Work instructions: Your task is to copy the stretch of lines in the records below that begins with the line containing "text \<open>If \<open>\<gamma>\<^sub>j\<^sub>+\<^sub>1" and ends with the line containing "1) \<le> part gam", exactly as written, with nothing added.

Data under study:
━━━
(* Let $(\gamma,\delta)$ be any pair of partitions. For each $1\le j\le l(\delta)$ let $$d_j=\#\{i:\ 2\le i\le l(\gamma),\ \gamma_i>\delta_j\}-\#\{i<j:\ \delta_i\text{ is unbalanced}\}.$$ Then $d_j\ge0$ for every $j$.
   Context: A partition is a finite nonincreasing sequence of positive integers (possibly empty); $l(\lambda)$ is its number of parts. Balanced parts: let $(\gamma,\delta)$ be a pair of partitions, with the convention $\gamma_j=0$ for $j>l(\gamma)$. The parts $\delta_1,\delta_2,\dots,\delta_{l(\delta)}$ are classified as balanced or unbalanced recursively in increasing order of index: $\delta_i$ is balanced if and only if $\gamma_{i+1}\le\delta_i$ and the number of indices $j$ with $2\le j\le l(\gamma)$ and $\gamma_j>\delta_i$ equals the number of indices $j<i$ for which $\delta_j$ is unbalanced; otherwise $\delta_i$ is unbalanced. *)

theory Defs
  imports Main
begin

definition is_partition :: "nat list \<Rightarrow> bool" where
  "is_partition lam \<longleftrightarrow> sorted_wrt (\<ge>) lam \<and> (\<forall>x\<in>set lam. 0 < x)"

text \<open>1-indexed part, with value 0 beyond the length (and at index 0).\<close>
definition part :: "nat list \<Rightarrow> nat \<Rightarrow> nat" where
  "part lam i = (if 1 \<le> i \<and> i \<le> length lam then lam ! (i - 1) else 0)"

definition cnt_big :: "nat list \<Rightarrow> nat \<Rightarrow> nat" where
  "cnt_big gam x = card {j. 2 \<le> j \<and> j \<le> length gam \<and> part gam j > x}"

fun nunb :: "nat list \<Rightarrow> nat list \<Rightarrow> nat \<Rightarrow> nat" where
  "nunb gam del 0 = 0"
| "nunb gam del (Suc i) = nunb gam del i +
     (if 1 \<le> i \<and> \<not> (part gam (i + 1) \<le> part del i
                        \<and> cnt_big gam (part del i) = nunb gam del i) then 1 else 0)"

definition balanced :: "nat list \<Rightarrow> nat list \<Rightarrow> nat \<Rightarrow> bool" where
  "balanced gam del i \<longleftrightarrow> part gam (i + 1) \<le> part del i \<and> cnt_big gam (part del i) = nunb gam del i"

lemma nunb_Suc_balanced:
  "nunb gam del (Suc i) = nunb gam del i + (if 1 \<le> i \<and> \<not> balanced gam del i then 1 else 0)"
  by (simp add: balanced_def)

end

theory Submission
  imports Defs
begin

(* The claim d_j >= 0 is the invariant  nunb gam del j <= cnt_big gam (part del j)
   for all j >= 1, proved by induction on j.  Three facts drive the step j -> j+1:
   - parts of a partition are antitone in the index (also past its length, where they
     are 0), and cnt_big gam x is antitone in x; so cnt_big gam (part del j) can only
     grow with j;
   - at most j - 1 of delta_1, ..., delta_(j-1) are unbalanced, so nunb gam del j <= j - 1;
   - if gamma_(j+1) > x then gamma_2, ..., gamma_(j+1) all exceed x, so cnt_big gam x >= j.
   If delta_j is balanced the count of unbalanced parts does not change; if it fails the
   counting condition, the invariant was strict at j; if it fails gamma_(j+1) <= delta_j,
   the third fact applies to x = delta_(j+1) <= delta_j. *)

lemma nunb_le: "nunb gam del j \<le> j - 1"
proof (induction j)
  case 0
  then show ?case by simp
next
  case (Suc i)
  then show ?case by (cases "i = 0") auto
qed

lemma cnt_big_antitone:
  assumes "x \<le> y"
  shows "cnt_big gam y \<le> cnt_big gam x"
  unfolding cnt_big_def
  using assms by (intro card_mono) (auto simp: finite_nat_set_iff_bounded_le)

text \<open>The parts of a partition are nonincreasing in the (1-based) index; this holds for
  all indices since parts beyond the length are \<open>0\<close>.\<close>
lemma part_antitone:
  assumes "is_partition lam" and "1 \<le> i" and "i \<le> k"
  shows "part lam k \<le> part lam i"
proof (cases "k \<le> length lam \<and> i < k")
  case True
  have "sorted_wrt (\<ge>) lam"
    using assms(1) by (simp add: is_partition_def)
  moreover have "i - 1 < k - 1" and "k - 1 < length lam"
    using True assms(2) by auto
  ultimately have "lam ! (k - 1) \<le> lam ! (i - 1)"
    by (rule sorted_wrt_nth_less)
  then show ?thesis
    using True assms(2) by (simp add: part_def)
next
  case False
  then show ?thesis
    using assms(3) by (auto simp: part_def)
qed

text \<open>If \<open>\<gamma>\<^sub>j\<^sub>+\<^sub>1 > x\<close>, then \<open>\<gamma>\<^sub>2, \<dots>, \<gamma>\<^sub>j\<^sub>+\<^sub>1\<close> all exceed \<open>x\<close>, giving at least \<open>j\<close> large parts.\<close>
lemma cnt_big_ge_index:
  assumes "is_partition gam" and "x < part gam (j + 1)"
  shows "j \<le> cnt_big gam x"
proof -
  have len: "j + 1 \<le> length gam"
    using assms(2) by (auto simp: part_def split: if_splits)
  have "{2..j + 1} \<subseteq> {i. 2 \<le> i \<and> i \<le> length gam \<and> x < part gam i}"
  proof
    fix i
    assume i: "i \<in> {2..j + 1}"
    then have "part gam (j + 1) \<le> part gam i"
      by (intro part_antitone[OF assms(1)]) auto
    then show "i \<in> {i. 2 \<le> i \<and> i \<le> length gam \<and> x < part gam i}"
      using i len assms(2) by auto
  qed
  then have "card {2..j + 1} \<le> cnt_big gam x"
    unfolding cnt_big_def by (intro card_mono) (auto simp: finite_nat_set_iff_bounded_le)
  then show ?thesis by simp
qed

lemma nunb_le_cnt_big:
  assumes gam: "is_partition gam" and del: "is_partition del" and "1 \<le> j"
  shows "nunb gam del j \<le> cnt_big gam (part del j)"
  using \<open>1 \<le> j\<close>
proof (induction j rule: nat_induct_at_least)
  case base
  then show ?case by simp
next
  case (Suc j)
  have IH: "nunb gam del j \<le> cnt_big gam (part del j)"
    by (rule Suc.IH)
  have next_part: "part del (Suc j) \<le> part del j"
    using Suc.hyps by (intro part_antitone[OF del]) auto
  then have grows: "cnt_big gam (part del j) \<le> cnt_big gam (part del (Suc j))"
    by (rule cnt_big_antitone)
  consider (balanced) "balanced gam del j"
    | (interlacing_fails) "part del j < part gam (j + 1)"
    | (count_fails) "cnt_big gam (part del j) \<noteq> nunb gam del j"
    unfolding balanced_def by linarith
  then show ?case
  proof cases
    case balanced
    then show ?thesis
      unfolding nunb_Suc_balanced using IH grows by simp
  next
    case interlacing_fails
    then have unbalanced: "\<not> balanced gam del j"
      by (simp add: balanced_def)
    have "j \<le> cnt_big gam (part del (Suc j))"
      using interlacing_fails next_part by (intro cnt_big_ge_index[OF gam]) simp
    moreover have "nunb gam del j \<le> j - 1"
      by (rule nunb_le)
    ultimately show ?thesis
      unfolding nunb_Suc_balanced using unbalanced Suc.hyps by simp
  next
    case count_fails
    then show ?thesis
      unfolding nunb_Suc_balanced balanced_def using IH grows Suc.hyps by simp
  qed
qed

theorem mainTheorem4:
  fixes gam del :: "nat list" and j :: nat
  assumes "is_partition gam" and "is_partition del"
    and "1 \<le> j" and "j \<le> length del"
  shows "int (cnt_big gam (part del j)) - int (nunb gam del j) \<ge> 0"
  using nunb_le_cnt_big[OF assms(1-3)] by simp

end
lemma H1_weighted_coord_sum:
  assumes "u \<in> H n 1"
  shows "(\<Sum>j\<in>{1..n}. inverse q ^ (n - j) * u {j}) = 0"
proof -
  from assms have "E_op n u {} = 0" by (simp add: mem_H_iff)
  then show ?thesis by (simp add: E_op_def)
qed

lemma E_op_kernel_eq_0_if_zero_without_n:
  assumes n: "1 \<le> n" and E: "E_op n v = 0" and off: "\<And>S. n \<notin> S \<Longrightarrow> v S = 0"
  shows "v = 0"
proof
  fix S
  show "v S = 0 S"
  proof (cases "n \<in> S")
    case True
    let ?T = "S - {n}"
    let ?f = "\<lambda>j. (-1) ^ card {i\<in>?T. i < j} * inverse q ^ (n - j) * v (insert j ?T)"
    have "0 = E_op n v ?T" using E by simp
    also have "\<dots> = sum ?f {n}"
      unfolding E_op_def by (rule sum.mono_neutral_right) (use n off in auto)
    also have "\<dots> = (-1) ^ card {i\<in>?T. i < n} * v S"
      using True by (simp add: insert_absorb)
    finally show ?thesis by simp
  qed (simp add: off)
qed

section \<open>Wedges as minors\<close>

lemma wedge_nonzero: "wedge us J \<noteq> 0 \<Longrightarrow> sorted_wrt (<) J \<and> length J = length us"
  by (simp add: wedge_def split: if_splits)

lemma psi_wedge_nonzero: "psi (wedge us) S \<noteq> 0 \<Longrightarrow> finite S \<and> card S = length us"
  by (auto simp: psi_def split: if_splits dest!: wedge_nonzero)

lemma ext_pow_support:
  assumes x: "x \<in> ext_pow k W" and nz: "x J \<noteq> 0"
  shows "sorted_wrt (<) J \<and> length J = k"
proof (rule ccontr)
  assume J: "\<not> (sorted_wrt (<) J \<and> length J = k)"
  from x have "x J = 0" unfolding ext_pow_def
  proof (induction rule: Kmod.span_induct_alt)
    case (step c x y)
    then show ?case using J by (auto simp: scl_def dest: wedge_nonzero)
  qed simp
  with nz show False by simp
qed

lemma inj_on_psi_ext_pow: "inj_on psi (ext_pow k W)"
  unfolding psi_hom.inj_on_iff_eq_0[OF Kmod.subspace_span[of "{wedge us | us. length us = k \<and> set us \<subseteq> W}"],
      folded ext_pow_def]
proof (intro ballI impI)
  fix x assume x: "x \<in> ext_pow k W" and psi0: "psi x = 0"
  show "x = 0"
  proof
    fix J
    show "x J = 0 J"
    proof (cases "sorted_wrt (<) J")
      case True
      then have "x J = psi x (set J)" by (simp add: psi_def sorted_list_of_set_set_strict)
      with psi0 show ?thesis by simp
    qed (use ext_pow_support[OF x] in auto)
  qed
qed

definition coord_mat :: "tvec list \<Rightarrow> nat list \<Rightarrow> K mat" where
  "coord_mat us J = mat (length us) (length us) (\<lambda>(a, b). (us ! a) {J ! b})"

lemma coord_mat_carrier: "coord_mat us J \<in> carrier_mat (length us) (length us)"
  by (simp add: coord_mat_def)

lemma det_coord_mat: "det (coord_mat us J) = (\<Sum>p\<in>{p. p permutes {..<length us}}.
      of_int (sign p) * (\<Prod>a<length us. (us ! a) {J ! p a}))"
proof -
  let ?k = "length us"
  have "det (coord_mat us J) =
      (\<Sum>p\<in>{p. p permutes {0..<?k}}. signof p * (\<Prod>a = 0..<?k. coord_mat us J $$ (a, p a)))"
    by (rule det_def'[OF coord_mat_carrier])
  also have "\<dots> = (\<Sum>p\<in>{p. p permutes {..<?k}}. of_int (sign p) * (\<Prod>a<?k. (us ! a) {J ! p a}))"
  proof (rule sum.cong)
    fix p assume "p \<in> {p. p permutes {..<?k}}"
    then have "p a < ?k" if "a < ?k" for a
      using permutes_in_image that by fastforce
    then show "signof p * (\<Prod>a = 0..<?k. coord_mat us J $$ (a, p a)) =
        of_int (sign p) * (\<Prod>a<?k. (us ! a) {J ! p a})"
      by (simp add: atLeast0LessThan coord_mat_def)
  qed (simp add: atLeast0LessThan)
  finally show ?thesis .
qed

lemma wedge_eq_det: "sorted_wrt (<) J \<Longrightarrow> length J = length us \<Longrightarrow> wedge us J = det (coord_mat us J)"
  by (simp add: wedge_def det_coord_mat)

lemma psi_wedge_eq_det:
  "finite S \<Longrightarrow> card S = length us \<Longrightarrow> psi (wedge us) S = det (coord_mat us (sorted_list_of_set S))"
  by (simp add: psi_def wedge_eq_det)
(* Let $(L,\le,\bot,\top)$ be a complete lattice and $(\&_i,\swarrow^i,\nwarrow_i)$, $i=1,\dots,n$, adjoint triples on $L$ with $x\,\&_i\,\top=\top\,\&_i\,x=x$ for all $x\in L$ and all $i$. Let $(A,B,R,\sigma)$ be a normalized context whose concept lattice $\mathcal{M}$ has a decomposition into independent blocks $\{K_\mu\}_{\mu\in\Lambda}$, and let $A_\mu,B_\mu$ be the associated sets defined below. Then $(A_\mu,B_\mu,R_\mu,\sigma_\mu)$, where $R_\mu,\sigma_\mu$ are the restrictions of $R,\sigma$ to $A_\mu\times B_\mu$, is a separable subcontext of $(A,B,R,\sigma)$ for every $\mu\in\Lambda$.
   Context: An adjoint triple on $L$ is a triple of maps $\&,\swarrow,\nwarrow\colon L\times L\to L$ with $x\le z\swarrow y\iff x\& y\le z\iff y\le z\nwarrow x$. A context is $(A,B,R,\sigma)$ with $A,B$ non-empty, $R\colon A\times B\to L$, $\sigma\colon A\times B\to\{1,\dots,n\}$; normalized means every $a\in A$ has $b_1,b_2$ with $R(a,b_1)\ne\bot$, $R(a,b_2)=\bot$, and every $b\in B$ has $a_1,a_2$ with $R(a_1,b)\ne\bot$, $R(a_2,b)=\bot$. For $g\colon B\to L$, $f\colon A\to L$: $g^\uparrow(a)=\inf_{b}R(a,b)\swarrow^{\sigma(a,b)}g(b)$, $f^\downarrow(b)=\inf_{a}R(a,b)\nwarrow_{\sigma(a,b)}f(a)$. $\mathcal{M}$ is the complete lattice of pairs $\langle g,f\rangle$ with $g^\uparrow=f$, $f^\downarrow=g$, ordered by $g_1\le g_2$ pointwise; top $\langle g_\top,f_\bot\rangle$, bottom $\langle g_\bot,f_\top\rangle$ ($g_\top,g_\bot,f_\top,f_\bot$ constant maps). $\phi_{a,x}\colon A\to L$ takes value $x$ at $a$ and $\bot$ elsewhere; $\phi_{b,y}\colon B\to L$ takes value $y$ at $b$ and $\bot$ elsewhere. For a bounded lattice $(M,\preceq,\bot,\top)$, a block is a sublattice $K\subsetneq M$ with $K\setminus\{\bot,\top\}\ne\varnothing$ and $(\{x\mid k\preceq x\}\cup\{x\mid x\preceq k\})\setminus\{\bot,\top\}\subseteq K$ for all $k\in K\setminus\{\bot,\top\}$; blocks $K_1,K_2$ are independent if $K_1\cap K_2\subseteq\{\bot,\top\}$; a decomposition into independent blocks is a family of pairwise independent blocks whose union is $M$. With $K_\mu^*=K_\mu\setminus\{\langle g_\top,f_\bot\rangle,\langle g_\bot,f_\top\rangle\}$: $A_\mu=\{a\in A\mid\langle\phi_{a,x}^\downarrow,\phi_{a,x}^{\downarrow\uparrow}\rangle\in K_\mu^*\text{ for some }x\in L\}$ and $B_\mu=\{b\in B\mid\langle\phi_{b,y}^{\uparrow\downarrow},\phi_{b,y}^{\uparrow}\rangle\in K_\mu^*\text{ for some }y\in L\}$. A separable subcontext is a tuple $(Y,X,R_{Y\times X},\sigma_{Y\times X})$ with $Y\subsetneq A$, $X\subsetneq B$ non-empty, such that $R(a,b)\ne\bot$ for some $a\in Y,b\in X$, $R(a,b')=\bot$ for all $(a,b')\in Y\times(B\setminus X)$, and $R(a',b)=\bot$ for all $(a',b)\in(A\setminus Y)\times X$. *)

theory Defs
  imports Main
begin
━━━
Response to the task:
text \<open>If \<open>\<gamma>\<^sub>j\<^sub>+\<^sub>1 > x\<close>, then \<open>\<gamma>\<^sub>2, \<dots>, \<gamma>\<^sub>j\<^sub>+\<^sub>1\<close> all exceed \<open>x\<close>, giving at least \<open>j\<close> large parts.\<close>
lemma cnt_big_ge_index:
  assumes "is_partition gam" and "x < part gam (j + 1)"
  shows "j \<le> cnt_big gam x"
proof -
  have len: "j + 1 \<le> length gam"
    using assms(2) by (auto simp: part_def split: if_splits)
  have "{2..j + 1} \<subseteq> {i. 2 \<le> i \<and> i \<le> length gam \<and> x < part gam i}"
  proof
    fix i
    assume i: "i \<in> {2..j + 1}"
    then have "part gam (j + 1) \<le> part gam i"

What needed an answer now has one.